LITTLE ROCK, Ark. (AP) — Now that federal agents have seized a sedative used in executions in Arkansas, defense lawyers said Friday the focus of their fight to prevent prisoners from being put to death will center on a law that allows the state prisons director to pick the drugs used in lethal injections.
Arkansas has not executed a prisoner since 2005, and a pending lawsuit that challenges the Department of Correction Director Ray Hobbs' power to choose which drugs go into the three-drug mixture that's used to execute inmates is holding up any execution dates from being set.
Attorney Jeff Rosenzweig, who represents Jack Harold Jones, the lead plaintiff among death row inmates mounting the challenge, said the law "is an invitation to cruel and usual punishment by using improper drugs."
Rosenzweig said the Legislature gave the department director an improper level of power by giving him the authority to pick the drugs. The Legislature in 2009 shifted authority to develop the lethal drug mixture to the Correction Department director.
Arkansas became the latest among several states to have its store of the sedative sodium thiopental seized by the U.S. Drug Enforcement Administration. The Correction Department has acknowledged that it acquired its supply from a British company, Dream Pharma.
Supply of the drug came up short after a domestic drug maker stopped producing it.

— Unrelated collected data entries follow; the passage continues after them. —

lemma AE_eventually_sum_deviation_less_functional:
  fixes Y :: "nat \<Rightarrow> 'a \<Rightarrow> complex" and g :: "complex \<Rightarrow> real"
  assumes ind: "indep_vars (\<lambda>_. borel) Y UNIV"
    and bnd: "\<And>i. AE x in M. cmod (Y i x) \<le> B"
    and int: "\<And>i. integrable M (Y i)"
    and mean: "\<And>i. expectation (Y i) = c"
    and lin: "bounded_linear g" and le: "\<And>z. \<bar>g z\<bar> \<le> cmod z"
    and "t > 0"
  shows "AE x in M. eventually
           (\<lambda>n. \<bar>(\<Sum>i\<in>{1..n}. g (Y i x)) - real n * g c\<bar> < real n * t) sequentially"
proof (rule AE_eventually_sum_deviation_less)
  show "indep_vars (\<lambda>_. borel) (\<lambda>i x. g (Y i x)) UNIV"
    using lin by (intro indep_vars_compose2[OF ind])
      (simp add: borel_measurable_continuous_onI linear_continuous_on)
  show "AE x in M. g (Y i x) \<in> {-\<bar>B\<bar> - 1..\<bar>B\<bar> + 1}" for i
    using bnd[of i]
  proof eventually_elim
    case (elim x)
    then have "\<bar>g (Y i x)\<bar> \<le> \<bar>B\<bar>"
      using le[of "Y i x"] by linarith
    then show ?case
      by (auto simp: abs_le_iff)
  qed
  show "expectation (\<lambda>x. g (Y i x)) = g c" for i
    using integral_bounded_linear[OF lin int[of i]] mean[of i] by simp
qed (use \<open>t > 0\<close> in auto)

Arkansas has no pending executions, so the Correction Department has time to either find a new supply of sodium thiopental or come up with a different sedative, department spokeswoman Dina Tyler said.
Tyler said it is appropriate for the department to develop the execution protocols.
"The department is responsible for carrying out the jury sentence of death and therefore it's the department who is experienced in executions and keeps up with executions in what is happening across the country," Tyler said, adding that legislators don't have the same level of involvement or expertise.
"Who better to choose than the person ultimately for carrying out" the executions, Tyler said. Executions have been the responsibility of the state since 1913.
Attorney John Wesley Hall, who has defended a number of capital cases, said he's convinced the lethal injection procedure is subjecting inmates to severe pain.
"When your face turns gray almost instantly, there's got to be something wrong," Hall said, citing what he witnessed when two of his clients died by lethal injection.
Hall complained that the state won't allow condemned inmates to be monitored for signs that they're in pain.
"We don't know if people just quietly go to sleep. For all we know, their brain is screaming in pain," Hall said. "If we choose to kill as a choice of punishment, we have to do it in a humane way."
The state attorney general's office has defended the department's ability to execute inmates. In a May 4 filing in Jones' lawsuit, the office cited an 8th U.S. Circuit Court of Appeals opinion that found the department "protocol contains several safeguards to ensure that sodium (thiopental) is administered properly and that the prisoner has been rendered fully unconscious before" the other two drugs are injected.
Aaron Sadler, a spokesman for Attorney General Dustin McDaniel, said Friday that the agency supports the Correction Department and governor's office stances in favor of current protocol and deferred to the office's court filings.
Gov. Mike Beebe's office said Thursday it was "a prudent step" for the Correction Department to hand over its supply of sodium thiopental to the DEA since the source of the drug was called into question.
Rosenzweig said it could be a year before the Jones case has a final ruling. The next hearing is set for Aug. 15 in Pulaski County Circuit Court.
Tyler said the department will be ready with a drug combination, presuming new execution dates will be set.
"We've got some time. We know there are other states that are trying other methods. It could be that's the direction we need to go, or we could find (a new) source for the sodium thiopental," Tyler said. "But we don't have to be in a rush. You want it to be a thoughtful and deliberate process."